*** Given records ***

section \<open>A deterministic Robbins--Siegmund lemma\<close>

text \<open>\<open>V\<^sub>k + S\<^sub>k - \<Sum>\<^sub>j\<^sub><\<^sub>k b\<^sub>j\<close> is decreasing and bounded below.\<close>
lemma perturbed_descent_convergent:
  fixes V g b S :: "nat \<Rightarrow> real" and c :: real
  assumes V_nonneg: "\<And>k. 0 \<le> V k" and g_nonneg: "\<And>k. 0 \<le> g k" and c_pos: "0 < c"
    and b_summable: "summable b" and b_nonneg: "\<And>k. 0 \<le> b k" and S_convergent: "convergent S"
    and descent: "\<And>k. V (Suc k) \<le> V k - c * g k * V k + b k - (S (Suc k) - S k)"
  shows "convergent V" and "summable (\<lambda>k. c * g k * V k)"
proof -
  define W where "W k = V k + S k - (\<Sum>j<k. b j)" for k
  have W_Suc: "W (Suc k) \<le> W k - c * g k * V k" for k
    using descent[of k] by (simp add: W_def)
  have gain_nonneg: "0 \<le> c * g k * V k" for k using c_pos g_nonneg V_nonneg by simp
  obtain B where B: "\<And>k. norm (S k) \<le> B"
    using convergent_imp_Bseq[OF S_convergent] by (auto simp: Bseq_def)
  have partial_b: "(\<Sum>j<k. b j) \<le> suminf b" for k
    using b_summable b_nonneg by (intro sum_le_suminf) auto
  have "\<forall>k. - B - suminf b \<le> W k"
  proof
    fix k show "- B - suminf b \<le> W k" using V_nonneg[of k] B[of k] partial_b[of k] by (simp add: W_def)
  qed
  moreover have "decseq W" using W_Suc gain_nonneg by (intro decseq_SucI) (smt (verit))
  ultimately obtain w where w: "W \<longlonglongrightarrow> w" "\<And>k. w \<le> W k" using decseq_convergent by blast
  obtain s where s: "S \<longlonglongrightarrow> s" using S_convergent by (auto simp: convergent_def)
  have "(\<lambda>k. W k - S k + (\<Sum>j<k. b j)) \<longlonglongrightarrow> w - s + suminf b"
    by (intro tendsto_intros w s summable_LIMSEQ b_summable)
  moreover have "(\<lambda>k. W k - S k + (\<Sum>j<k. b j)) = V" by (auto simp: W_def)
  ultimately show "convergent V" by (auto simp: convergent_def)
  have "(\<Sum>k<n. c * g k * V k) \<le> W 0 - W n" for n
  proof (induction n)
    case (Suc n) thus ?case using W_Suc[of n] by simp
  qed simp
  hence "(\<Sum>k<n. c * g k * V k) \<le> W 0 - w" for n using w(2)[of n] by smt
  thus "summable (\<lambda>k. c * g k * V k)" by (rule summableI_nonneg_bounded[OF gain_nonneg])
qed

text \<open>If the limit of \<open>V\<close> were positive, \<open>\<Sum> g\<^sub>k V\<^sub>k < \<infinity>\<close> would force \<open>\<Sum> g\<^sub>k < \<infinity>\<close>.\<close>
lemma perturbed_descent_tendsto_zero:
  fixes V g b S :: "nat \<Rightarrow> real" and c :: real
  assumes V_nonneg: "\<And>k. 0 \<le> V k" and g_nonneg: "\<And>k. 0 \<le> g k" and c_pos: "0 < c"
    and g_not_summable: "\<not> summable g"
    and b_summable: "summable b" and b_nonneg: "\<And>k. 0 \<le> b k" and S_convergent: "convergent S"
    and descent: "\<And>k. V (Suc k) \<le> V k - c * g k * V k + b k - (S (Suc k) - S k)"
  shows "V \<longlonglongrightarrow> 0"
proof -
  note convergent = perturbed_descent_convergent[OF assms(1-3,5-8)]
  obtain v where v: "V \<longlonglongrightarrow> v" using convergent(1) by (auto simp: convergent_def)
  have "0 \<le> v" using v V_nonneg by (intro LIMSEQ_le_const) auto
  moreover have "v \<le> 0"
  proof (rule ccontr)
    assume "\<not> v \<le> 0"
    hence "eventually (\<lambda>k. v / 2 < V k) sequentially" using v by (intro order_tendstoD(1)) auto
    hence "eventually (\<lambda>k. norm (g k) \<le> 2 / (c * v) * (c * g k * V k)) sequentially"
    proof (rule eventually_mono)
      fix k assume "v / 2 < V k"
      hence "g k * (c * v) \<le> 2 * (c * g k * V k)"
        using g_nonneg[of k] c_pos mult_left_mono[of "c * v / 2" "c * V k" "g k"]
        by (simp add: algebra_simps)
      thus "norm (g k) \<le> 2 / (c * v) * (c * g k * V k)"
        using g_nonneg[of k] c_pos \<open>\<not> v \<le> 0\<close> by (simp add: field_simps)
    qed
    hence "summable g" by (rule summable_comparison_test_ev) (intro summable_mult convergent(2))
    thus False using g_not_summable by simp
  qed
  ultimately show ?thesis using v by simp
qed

*** End of Given records ***
*** Given records ***

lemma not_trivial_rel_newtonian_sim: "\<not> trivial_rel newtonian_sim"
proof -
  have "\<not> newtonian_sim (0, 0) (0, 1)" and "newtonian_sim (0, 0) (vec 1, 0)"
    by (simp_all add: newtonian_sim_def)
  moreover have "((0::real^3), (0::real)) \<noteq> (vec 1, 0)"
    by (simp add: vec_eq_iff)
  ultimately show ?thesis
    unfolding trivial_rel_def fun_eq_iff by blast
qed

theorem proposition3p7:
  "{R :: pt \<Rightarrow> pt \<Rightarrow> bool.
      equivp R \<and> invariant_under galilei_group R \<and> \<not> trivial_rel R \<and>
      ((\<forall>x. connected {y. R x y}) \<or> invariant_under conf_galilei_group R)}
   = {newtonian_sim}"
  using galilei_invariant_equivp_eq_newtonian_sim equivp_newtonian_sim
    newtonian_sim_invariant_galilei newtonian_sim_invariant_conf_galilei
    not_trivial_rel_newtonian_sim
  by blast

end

*** End of Given records ***
*** Given records ***

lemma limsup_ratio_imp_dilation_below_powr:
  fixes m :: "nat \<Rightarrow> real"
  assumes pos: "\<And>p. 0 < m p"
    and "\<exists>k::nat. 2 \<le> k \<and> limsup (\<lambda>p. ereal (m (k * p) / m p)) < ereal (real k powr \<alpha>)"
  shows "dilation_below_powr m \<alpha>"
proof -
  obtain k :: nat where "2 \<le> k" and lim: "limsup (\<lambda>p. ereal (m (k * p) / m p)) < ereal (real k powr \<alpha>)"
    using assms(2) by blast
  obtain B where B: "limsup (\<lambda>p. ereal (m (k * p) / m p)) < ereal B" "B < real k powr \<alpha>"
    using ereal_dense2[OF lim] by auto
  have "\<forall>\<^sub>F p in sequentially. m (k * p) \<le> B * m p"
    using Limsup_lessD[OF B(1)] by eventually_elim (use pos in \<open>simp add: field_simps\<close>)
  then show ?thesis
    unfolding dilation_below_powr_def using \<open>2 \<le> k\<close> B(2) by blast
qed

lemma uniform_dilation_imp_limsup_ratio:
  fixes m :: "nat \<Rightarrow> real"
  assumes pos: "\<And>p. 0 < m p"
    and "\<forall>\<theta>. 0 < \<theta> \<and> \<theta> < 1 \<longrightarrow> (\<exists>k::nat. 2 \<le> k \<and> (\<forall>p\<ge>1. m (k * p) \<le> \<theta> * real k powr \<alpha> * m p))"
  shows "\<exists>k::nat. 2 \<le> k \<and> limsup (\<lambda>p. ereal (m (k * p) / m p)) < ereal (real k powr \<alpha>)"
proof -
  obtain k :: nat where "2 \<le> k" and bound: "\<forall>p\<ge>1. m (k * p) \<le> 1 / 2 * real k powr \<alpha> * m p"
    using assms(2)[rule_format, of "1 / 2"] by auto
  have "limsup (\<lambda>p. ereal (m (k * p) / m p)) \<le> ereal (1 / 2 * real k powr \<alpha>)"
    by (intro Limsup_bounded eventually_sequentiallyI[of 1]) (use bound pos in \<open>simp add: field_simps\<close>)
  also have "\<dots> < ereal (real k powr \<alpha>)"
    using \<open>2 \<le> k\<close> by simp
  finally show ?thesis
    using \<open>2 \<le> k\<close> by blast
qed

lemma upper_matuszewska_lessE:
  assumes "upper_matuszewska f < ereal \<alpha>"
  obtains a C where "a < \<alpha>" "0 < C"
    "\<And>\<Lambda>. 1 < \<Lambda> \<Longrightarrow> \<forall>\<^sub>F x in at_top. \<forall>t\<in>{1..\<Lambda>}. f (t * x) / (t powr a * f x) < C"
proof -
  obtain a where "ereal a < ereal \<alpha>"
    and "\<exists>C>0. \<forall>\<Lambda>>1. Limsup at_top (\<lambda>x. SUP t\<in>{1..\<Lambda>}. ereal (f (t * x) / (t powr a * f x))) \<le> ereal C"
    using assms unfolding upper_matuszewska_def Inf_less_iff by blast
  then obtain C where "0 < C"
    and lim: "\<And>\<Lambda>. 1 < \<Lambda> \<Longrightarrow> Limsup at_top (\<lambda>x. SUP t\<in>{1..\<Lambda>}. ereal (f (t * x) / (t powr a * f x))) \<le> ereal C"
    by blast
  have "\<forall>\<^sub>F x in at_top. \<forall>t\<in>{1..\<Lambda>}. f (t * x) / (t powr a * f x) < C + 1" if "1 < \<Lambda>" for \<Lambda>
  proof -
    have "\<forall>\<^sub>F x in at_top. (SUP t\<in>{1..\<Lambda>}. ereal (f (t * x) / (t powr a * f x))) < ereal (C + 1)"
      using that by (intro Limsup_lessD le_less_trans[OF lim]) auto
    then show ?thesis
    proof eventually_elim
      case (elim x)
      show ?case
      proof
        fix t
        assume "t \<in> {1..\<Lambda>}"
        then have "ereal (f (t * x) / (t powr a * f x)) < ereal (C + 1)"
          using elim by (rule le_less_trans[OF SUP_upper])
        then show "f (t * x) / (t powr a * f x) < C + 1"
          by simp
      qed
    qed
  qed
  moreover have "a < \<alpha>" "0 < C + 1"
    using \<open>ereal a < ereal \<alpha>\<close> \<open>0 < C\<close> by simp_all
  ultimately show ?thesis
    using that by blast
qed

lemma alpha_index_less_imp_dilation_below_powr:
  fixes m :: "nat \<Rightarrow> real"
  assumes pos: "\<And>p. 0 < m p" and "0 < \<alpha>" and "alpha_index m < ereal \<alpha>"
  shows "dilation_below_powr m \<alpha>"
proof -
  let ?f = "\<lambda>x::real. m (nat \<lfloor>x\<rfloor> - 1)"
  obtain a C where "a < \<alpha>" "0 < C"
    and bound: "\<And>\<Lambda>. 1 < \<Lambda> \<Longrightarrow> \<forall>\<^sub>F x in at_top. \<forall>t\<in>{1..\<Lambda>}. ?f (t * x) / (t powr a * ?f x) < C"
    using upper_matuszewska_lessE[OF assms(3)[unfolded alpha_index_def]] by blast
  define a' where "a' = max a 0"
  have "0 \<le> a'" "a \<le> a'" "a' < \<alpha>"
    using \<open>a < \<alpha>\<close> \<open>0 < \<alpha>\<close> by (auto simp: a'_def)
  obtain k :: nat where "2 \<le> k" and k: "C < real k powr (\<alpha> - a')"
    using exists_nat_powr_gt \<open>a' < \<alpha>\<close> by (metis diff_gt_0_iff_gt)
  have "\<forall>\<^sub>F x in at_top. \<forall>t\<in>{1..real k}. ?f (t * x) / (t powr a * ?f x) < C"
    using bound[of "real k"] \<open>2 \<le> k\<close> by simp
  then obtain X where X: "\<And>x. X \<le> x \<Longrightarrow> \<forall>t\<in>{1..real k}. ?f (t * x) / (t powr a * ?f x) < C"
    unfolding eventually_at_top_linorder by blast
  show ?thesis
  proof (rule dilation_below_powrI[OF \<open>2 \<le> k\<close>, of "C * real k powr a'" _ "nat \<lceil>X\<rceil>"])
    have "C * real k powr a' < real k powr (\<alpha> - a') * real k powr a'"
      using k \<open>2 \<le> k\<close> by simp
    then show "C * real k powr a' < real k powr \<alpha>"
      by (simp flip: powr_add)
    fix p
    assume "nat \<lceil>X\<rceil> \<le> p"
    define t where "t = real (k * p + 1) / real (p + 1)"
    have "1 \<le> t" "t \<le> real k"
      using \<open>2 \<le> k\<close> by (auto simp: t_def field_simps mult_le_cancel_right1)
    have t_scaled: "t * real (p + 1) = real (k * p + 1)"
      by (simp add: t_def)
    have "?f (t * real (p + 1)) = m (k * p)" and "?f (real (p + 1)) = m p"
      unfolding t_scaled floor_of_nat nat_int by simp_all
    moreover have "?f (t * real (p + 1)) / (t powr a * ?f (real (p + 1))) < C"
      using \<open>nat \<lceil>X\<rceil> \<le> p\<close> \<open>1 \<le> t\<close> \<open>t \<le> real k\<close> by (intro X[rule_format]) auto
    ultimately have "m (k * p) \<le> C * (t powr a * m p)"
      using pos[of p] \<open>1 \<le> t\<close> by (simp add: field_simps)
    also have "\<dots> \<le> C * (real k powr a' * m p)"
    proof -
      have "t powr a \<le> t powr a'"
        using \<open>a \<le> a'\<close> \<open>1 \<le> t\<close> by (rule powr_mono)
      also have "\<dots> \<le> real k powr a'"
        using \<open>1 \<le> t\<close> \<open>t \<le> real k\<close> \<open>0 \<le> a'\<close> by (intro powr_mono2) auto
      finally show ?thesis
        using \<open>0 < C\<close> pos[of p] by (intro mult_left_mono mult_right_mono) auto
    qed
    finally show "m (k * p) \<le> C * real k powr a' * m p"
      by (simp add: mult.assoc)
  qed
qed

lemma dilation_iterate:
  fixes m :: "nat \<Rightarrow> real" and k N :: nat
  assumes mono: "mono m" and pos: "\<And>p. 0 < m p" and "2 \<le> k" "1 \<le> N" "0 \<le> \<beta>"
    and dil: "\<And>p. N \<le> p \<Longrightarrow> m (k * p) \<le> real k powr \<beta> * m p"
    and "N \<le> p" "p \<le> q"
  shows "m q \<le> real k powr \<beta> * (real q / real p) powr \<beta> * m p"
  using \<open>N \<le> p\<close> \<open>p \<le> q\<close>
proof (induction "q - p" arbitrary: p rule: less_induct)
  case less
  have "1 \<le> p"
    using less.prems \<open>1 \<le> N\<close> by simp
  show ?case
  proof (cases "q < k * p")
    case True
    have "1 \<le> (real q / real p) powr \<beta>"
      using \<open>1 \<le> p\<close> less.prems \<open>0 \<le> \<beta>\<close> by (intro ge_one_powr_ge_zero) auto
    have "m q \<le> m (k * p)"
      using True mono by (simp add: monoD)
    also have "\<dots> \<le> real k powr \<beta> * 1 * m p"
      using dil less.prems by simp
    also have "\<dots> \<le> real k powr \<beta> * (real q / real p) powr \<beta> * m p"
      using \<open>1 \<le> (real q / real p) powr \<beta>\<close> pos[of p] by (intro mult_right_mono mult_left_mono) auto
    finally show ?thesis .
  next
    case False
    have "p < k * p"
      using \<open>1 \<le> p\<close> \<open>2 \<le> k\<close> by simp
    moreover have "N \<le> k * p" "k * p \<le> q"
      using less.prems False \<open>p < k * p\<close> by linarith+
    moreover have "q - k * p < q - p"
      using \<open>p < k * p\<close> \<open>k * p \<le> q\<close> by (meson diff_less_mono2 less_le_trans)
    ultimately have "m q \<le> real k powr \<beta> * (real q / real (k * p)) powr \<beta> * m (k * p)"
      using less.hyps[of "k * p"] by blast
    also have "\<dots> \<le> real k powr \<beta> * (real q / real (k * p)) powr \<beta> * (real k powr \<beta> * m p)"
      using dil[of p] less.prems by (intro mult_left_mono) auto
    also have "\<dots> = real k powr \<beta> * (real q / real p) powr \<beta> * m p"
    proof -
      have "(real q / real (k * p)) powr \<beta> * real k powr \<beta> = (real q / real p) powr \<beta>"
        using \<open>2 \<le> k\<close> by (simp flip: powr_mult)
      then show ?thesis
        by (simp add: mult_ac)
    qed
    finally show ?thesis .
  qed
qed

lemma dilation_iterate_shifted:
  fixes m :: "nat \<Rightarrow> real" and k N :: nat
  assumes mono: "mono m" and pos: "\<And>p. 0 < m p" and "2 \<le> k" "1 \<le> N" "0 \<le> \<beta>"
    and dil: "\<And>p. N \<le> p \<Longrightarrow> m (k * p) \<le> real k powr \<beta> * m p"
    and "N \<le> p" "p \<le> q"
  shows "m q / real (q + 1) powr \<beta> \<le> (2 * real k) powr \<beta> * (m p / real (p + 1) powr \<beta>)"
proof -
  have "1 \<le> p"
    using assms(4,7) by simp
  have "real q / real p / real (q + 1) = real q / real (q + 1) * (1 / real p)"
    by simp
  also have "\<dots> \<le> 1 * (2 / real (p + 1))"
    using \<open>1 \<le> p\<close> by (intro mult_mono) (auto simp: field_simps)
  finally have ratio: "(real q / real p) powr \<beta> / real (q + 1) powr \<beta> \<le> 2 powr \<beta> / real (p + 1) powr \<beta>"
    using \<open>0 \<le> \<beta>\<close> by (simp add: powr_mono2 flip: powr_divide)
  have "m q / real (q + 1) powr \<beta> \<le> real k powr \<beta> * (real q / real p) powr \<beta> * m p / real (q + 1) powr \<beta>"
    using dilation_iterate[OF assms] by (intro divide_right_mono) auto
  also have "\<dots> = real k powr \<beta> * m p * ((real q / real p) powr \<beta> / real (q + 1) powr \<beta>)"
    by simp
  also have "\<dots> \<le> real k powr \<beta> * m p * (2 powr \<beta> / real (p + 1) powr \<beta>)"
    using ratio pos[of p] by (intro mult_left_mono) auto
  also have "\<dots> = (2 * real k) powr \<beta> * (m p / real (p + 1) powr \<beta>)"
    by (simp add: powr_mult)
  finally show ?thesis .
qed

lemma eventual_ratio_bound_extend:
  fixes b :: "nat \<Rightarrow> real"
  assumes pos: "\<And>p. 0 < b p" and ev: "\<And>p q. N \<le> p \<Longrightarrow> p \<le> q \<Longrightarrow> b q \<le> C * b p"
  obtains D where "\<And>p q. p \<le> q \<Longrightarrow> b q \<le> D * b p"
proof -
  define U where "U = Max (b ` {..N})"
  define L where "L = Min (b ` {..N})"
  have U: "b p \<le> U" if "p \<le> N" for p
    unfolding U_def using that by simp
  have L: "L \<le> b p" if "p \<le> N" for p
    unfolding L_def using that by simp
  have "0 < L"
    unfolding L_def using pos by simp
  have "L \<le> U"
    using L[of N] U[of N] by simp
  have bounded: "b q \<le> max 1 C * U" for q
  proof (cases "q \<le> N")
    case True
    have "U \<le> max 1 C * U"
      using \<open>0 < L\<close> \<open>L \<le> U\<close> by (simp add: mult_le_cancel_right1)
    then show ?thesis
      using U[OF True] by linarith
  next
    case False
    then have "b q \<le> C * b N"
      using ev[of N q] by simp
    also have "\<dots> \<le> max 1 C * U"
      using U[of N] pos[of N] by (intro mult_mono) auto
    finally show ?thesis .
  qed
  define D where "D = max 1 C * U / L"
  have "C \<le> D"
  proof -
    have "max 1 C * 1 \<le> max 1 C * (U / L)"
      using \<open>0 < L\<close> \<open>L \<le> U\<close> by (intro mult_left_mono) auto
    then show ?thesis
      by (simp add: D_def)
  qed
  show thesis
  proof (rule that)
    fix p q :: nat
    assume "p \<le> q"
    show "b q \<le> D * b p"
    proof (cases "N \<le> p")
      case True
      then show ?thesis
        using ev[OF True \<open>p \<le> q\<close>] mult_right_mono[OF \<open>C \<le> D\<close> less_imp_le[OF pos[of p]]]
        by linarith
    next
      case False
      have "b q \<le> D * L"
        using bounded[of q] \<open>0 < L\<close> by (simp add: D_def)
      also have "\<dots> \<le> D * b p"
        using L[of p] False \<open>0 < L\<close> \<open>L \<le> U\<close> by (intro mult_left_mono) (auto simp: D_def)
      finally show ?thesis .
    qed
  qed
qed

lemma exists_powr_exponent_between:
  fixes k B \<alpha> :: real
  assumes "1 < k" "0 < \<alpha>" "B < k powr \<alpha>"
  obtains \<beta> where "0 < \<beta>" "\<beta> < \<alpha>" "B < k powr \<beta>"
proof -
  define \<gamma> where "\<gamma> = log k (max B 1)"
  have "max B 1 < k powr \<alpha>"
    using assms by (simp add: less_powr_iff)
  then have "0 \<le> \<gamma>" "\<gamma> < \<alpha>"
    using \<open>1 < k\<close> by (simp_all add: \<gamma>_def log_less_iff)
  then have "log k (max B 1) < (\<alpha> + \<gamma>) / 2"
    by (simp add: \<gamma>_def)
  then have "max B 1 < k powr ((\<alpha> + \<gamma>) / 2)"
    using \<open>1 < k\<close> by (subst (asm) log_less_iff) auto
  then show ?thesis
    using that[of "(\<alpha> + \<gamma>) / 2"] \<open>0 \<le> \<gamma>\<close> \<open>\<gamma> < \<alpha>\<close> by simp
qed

*** End of Given records ***

### Problem description
Among the lines above, find those that contain the word "text" and copy them.

### Task solution
text \<open>\<open>V\<^sub>k + S\<^sub>k - \<Sum>\<^sub>j\<^sub><\<^sub>k b\<^sub>j\<close> is decreasing and bounded below.\<close>
text \<open>If the limit of \<open>V\<close> were positive, \<open>\<Sum> g\<^sub>k V\<^sub>k < \<infinity>\<close> would force \<open>\<Sum> g\<^sub>k < \<infinity>\<close>.\<close>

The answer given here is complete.